Content starts
lemma normal_to_affine_hull_exists:
  fixes A :: "'a::euclidean_space set"
  assumes a: "a \<in> A" and x: "x \<notin> affine hull A"
  obtains z where "\<And>y. y \<in> A \<Longrightarrow> z \<bullet> y = z \<bullet> a" "z \<bullet> a < z \<bullet> x"
proof -
  have "x - a \<notin> span ((\<lambda>y. y - a) ` A)"
    using x unfolding diffs_affine_hull_span[OF a, symmetric] by auto
  moreover obtain y z where yz: "y \<in> span ((\<lambda>y. y - a) ` A)"
      "\<And>w. w \<in> span ((\<lambda>y. y - a) ` A) \<Longrightarrow> orthogonal z w" "x - a = y + z"
    by (metis orthogonal_subspace_decomp_exists)
  ultimately have "z \<noteq> 0" by auto
  moreover have "z \<bullet> y = 0" using yz(2)[OF yz(1)] by (simp add: orthogonal_def)
  ultimately have "z \<bullet> (x - a) > 0" using yz(3) by (simp add: inner_add_right)
  then have "z \<bullet> a < z \<bullet> x" by (simp add: inner_diff_right)
  moreover have "z \<bullet> y' = z \<bullet> a" if "y' \<in> A" for y'
    using yz(2)[OF span_base, of "y' - a"] that by (auto simp: orthogonal_def inner_diff_right)
  ultimately show ?thesis using that by blast
qed

context
  fixes P :: "(real^'m) set" and l :: "real^'m \<Rightarrow> real" and a :: real
  assumes linear: "linear l"
    and nonneg: "\<And>y. y \<in> P \<Longrightarrow> 0 \<le> a + l y"
    and positive: "\<exists>y\<in>P. 0 < a + l y"
    and vanishes: "\<exists>y\<in>affine hull P. a + l y = 0"
begin

text \<open>Directions of \<open>P\<close> in the kernel of \<open>l\<close> are directions of the facet, so any inward normal
  vanishes on them.\<close>

lemma primitive_inward_normal_proportional:
  assumes normal: "primitive_inward_normal P (affine hull P \<inter> {y. a + l y = 0}) l'"
  obtains \<mu> where "\<mu> > 0" "\<And>w. w \<in> span {x - y |x y. x \<in> P \<and> y \<in> P} \<Longrightarrow> l' w = \<mu> * l w"
proof -
  define D where "D = span {x - y |x y. x \<in> P \<and> y \<in> P}"
  define Q where "Q = affine hull P \<inter> {y. a + l y = 0}"
  have lin': "linear l'" using normal unfolding primitive_inward_normal_def by blast
  obtain y0 where y0: "y0 \<in> Q" using vanishes unfolding Q_def by blast
  obtain p where p: "p \<in> P" "0 < a + l p" using positive by blast
  have diffD: "x - y \<in> D" if "x \<in> affine hull P" "y \<in> affine hull P" for x y
    unfolding D_def using that by (rule diff_affine_hull_in_span_diffs)
  have lp: "l (p - y0) = a + l p" using y0 linear_diff[OF linear] unfolding Q_def by simp
  define \<mu> where "\<mu> = l' (p - y0) / (a + l p)"
  have scaled: "l' w = \<mu> * l w" if "w \<in> D" for w
  proof -
    define w' where "w' = w - (l w / (a + l p)) *\<^sub>R (p - y0)"
    have "p - y0 \<in> D" using diffD[OF hull_inc[OF p(1)]] y0 unfolding Q_def by blast
    then have "w' \<in> D"
      unfolding w'_def D_def using that unfolding D_def by (blast intro: span_diff span_scale)
    moreover have "l w' = l w - (l w / (a + l p)) * l (p - y0)"
      unfolding w'_def using linear_diff[OF linear] linear_scale[OF linear] by simp
    then have "l w' = 0" using lp p(2) by simp
    ultimately have "y0 + w' \<in> Q"
      using y0 affine_hull_add_span_diffs linear_add[OF linear] unfolding Q_def D_def by auto
    then have "l' w' = 0"
      using normal y0 unfolding primitive_inward_normal_def Q_def[symmetric] by (metis add_diff_cancel_left')
    then show ?thesis
      unfolding w'_def \<mu>_def using linear_diff[OF lin'] linear_scale[OF lin'] by simp
  qed
  moreover have "\<mu> > 0"
  proof -
    obtain x y where xy: "x \<in> P" "y \<in> Q" "0 < l' (x - y)"
      using normal unfolding primitive_inward_normal_def Q_def by blast
    then have "l (x - y) = a + l x" using linear_diff[OF linear] unfolding Q_def by simp
    moreover have "x - y \<in> D" using diffD[OF hull_inc[OF xy(1)]] xy(2) unfolding Q_def by blast
    ultimately show ?thesis
      using scaled xy nonneg[OF xy(1)] by (metis mult_nonpos_nonneg not_le)
  qed
  ultimately show ?thesis using that unfolding D_def by blast
qed

context
  assumes integral: "\<And>x. x \<in> dir_lattice P \<Longrightarrow> l x \<in> \<int>"
    and primitive: "\<exists>x\<in>dir_lattice P. l x = 1"
begin

lemma primitive_inward_normal_affine_function:
  "primitive_inward_normal P (affine hull P \<inter> {y. a + l y = 0}) l"
proof -
  have diff: "l (x - y) = (a + l x) - (a + l y)" for x y
    using linear_diff[OF linear] by simp
  obtain y0 where y0: "y0 \<in> affine hull P" "a + l y0 = 0" using vanishes by blast
  obtain p where p: "p \<in> P" "0 < a + l p" using positive by blast
  show ?thesis
    unfolding primitive_inward_normal_def
  proof (intro conjI ballI)
    show "\<exists>x\<in>P. \<exists>y\<in>affine hull P \<inter> {y. a + l y = 0}. 0 < l (x - y)"
      using p y0 by (intro bexI[of _ p] bexI[of _ y0]) (auto simp: diff)
  qed (use linear integral primitive in \<open>auto simp: diff dest!: nonneg\<close>)
qed

lemma primitive_inward_normal_unique:
  assumes normal: "primitive_inward_normal P (affine hull P \<inter> {y. a + l y = 0}) l'"
    and w: "w \<in> span {x - y |x y. x \<in> P \<and> y \<in> P}"
  shows "l' w = l w"
proof -
  obtain \<mu> where "\<mu> > 0"
    and proportional: "\<And>w. w \<in> span {x - y |x y. x \<in> P \<and> y \<in> P} \<Longrightarrow> l' w = \<mu> * l w"
    using primitive_inward_normal_proportional[OF normal] by blast
  have scaled: "l' x = \<mu> * l x" if "x \<in> dir_lattice P" for x
    using proportional that unfolding dir_lattice_def by blast
  have "\<mu> \<ge> 1"
  proof -
    obtain x where x: "x \<in> dir_lattice P" "l x = 1" using primitive by blast
    then have "l' x = \<mu>" using scaled by simp
    moreover have "l' x \<in> \<int>" using normal x(1) unfolding primitive_inward_normal_def by blast
    ultimately show ?thesis using \<open>\<mu> > 0\<close> Ints_nonzero_abs_ge1[of \<mu>] by simp
  qed
  moreover have "\<mu> \<le> 1"
  proof -
    obtain x where x: "x \<in> dir_lattice P" "l' x = 1"
      using normal unfolding primitive_inward_normal_def by blast
    then have "\<mu> * l x = 1" using scaled by simp
    moreover have "l x \<in> \<int>" using integral x(1) .
    moreover have "l x > 0" using \<open>\<mu> * l x = 1\<close> \<open>\<mu> > 0\<close> zero_less_mult_pos[of \<mu> "l x"] by simp
    ultimately have "l x \<ge> 1" using Ints_nonzero_abs_ge1[of "l x"] by simp
    then show ?thesis using \<open>\<mu> * l x = 1\<close> \<open>\<mu> > 0\<close> mult_left_mono[of 1 "l x" \<mu>] by simp
  qed
  ultimately show ?thesis using proportional[OF w] by simp
qed

lemma lattice_dist_affine_function:
  assumes x: "x \<in> affine hull P"
  shows "lattice_dist P (affine hull P \<inter> {y. a + l y = 0}) x = a + l x"
  unfolding lattice_dist_def
proof (rule the_equality)
  have "l (x - y) = a + l x" if "a + l y = 0" for y
    using that linear_diff[OF linear] by simp
  then show "\<exists>l'. primitive_inward_normal P (affine hull P \<inter> {y. a + l y = 0}) l' \<and>
      (\<forall>y\<in>affine hull P \<inter> {y. a + l y = 0}. a + l x = l' (x - y))"
    using primitive_inward_normal_affine_function by auto
next
  fix d assume "\<exists>l'. primitive_inward_normal P (affine hull P \<inter> {y. a + l y = 0}) l' \<and>
      (\<forall>y\<in>affine hull P \<inter> {y. a + l y = 0}. d = l' (x - y))"
  then obtain l' where l': "primitive_inward_normal P (affine hull P \<inter> {y. a + l y = 0}) l'"
    and d: "\<forall>y\<in>affine hull P \<inter> {y. a + l y = 0}. d = l' (x - y)" by blast
  obtain y0 where y0: "y0 \<in> affine hull P" "a + l y0 = 0" using vanishes by blast
  have "d = l' (x - y0)" using d y0 by blast
  also have "\<dots> = l (x - y0)"
    using primitive_inward_normal_unique[OF l' diff_affine_hull_in_span_diffs[OF x y0(1)]] .
  also have "\<dots> = a + l x" using y0(2) linear_diff[OF linear] by simp
  finally show "d = a + l x" .
qed

end

end

section \<open>Strata of the regular subdivision\<close>

lemma Amin_subset_supp: "Amin \<nu> c q \<subseteq> supp c"
  by (auto simp: Amin_def)

lemma finite_Amin: "finite (supp c) \<Longrightarrow> finite (Amin \<nu> c q)"
  using Amin_subset_supp by (rule finite_subset)

lemma phi_eq_of_Amin: "w \<in> Amin \<nu> c q \<Longrightarrow> w' \<in> Amin \<nu> c q \<Longrightarrow> phi \<nu> c q w = phi \<nu> c q w'"
  by (auto simp: Amin_def intro: antisym)

lemma Amin_memI:
  "w0 \<in> Amin \<nu> c q \<Longrightarrow> w \<in> supp c \<Longrightarrow> phi \<nu> c q w = phi \<nu> c q w0 \<Longrightarrow> w \<in> Amin \<nu> c q"
  by (simp add: Amin_def)

lemma phi_less_of_notin_Amin:
  "w0 \<in> Amin \<nu> c q \<Longrightarrow> w \<in> supp c \<Longrightarrow> w \<notin> Amin \<nu> c q \<Longrightarrow> phi \<nu> c q w0 < phi \<nu> c q w"
  using Amin_memI[of w0 \<nu> c q w] unfolding Amin_def by force

lemma phi_add: "phi \<nu> c (q + z) w = phi \<nu> c q w - z \<bullet> rvec w"
  by (simp add: phi_def inner_add_left)

lemma phi_affine_combination:
  "a + b = 1 \<Longrightarrow> phi \<nu> c (a *\<^sub>R x + b *\<^sub>R y) w = a * phi \<nu> c x w + b * phi \<nu> c y w"
  by (simp add: phi_def inner_add_left algebra_simps flip: eq_diff_eq)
Content ends
__What you need to do__
In the data above, find the line that contains "text \<open>Directions of" and the line that contains "define Q where". Repeat exactly those lines and every line between them, and only those.

__Response to the task__
text \<open>Directions of \<open>P\<close> in the kernel of \<open>l\<close> are directions of the facet, so any inward normal
  vanishes on them.\<close>

lemma primitive_inward_normal_proportional:
  assumes normal: "primitive_inward_normal P (affine hull P \<inter> {y. a + l y = 0}) l'"
  obtains \<mu> where "\<mu> > 0" "\<And>w. w \<in> span {x - y |x y. x \<in> P \<and> y \<in> P} \<Longrightarrow> l' w = \<mu> * l w"
proof -
  define D where "D = span {x - y |x y. x \<in> P \<and> y \<in> P}"
  define Q where "Q = affine hull P \<inter> {y. a + l y = 0}"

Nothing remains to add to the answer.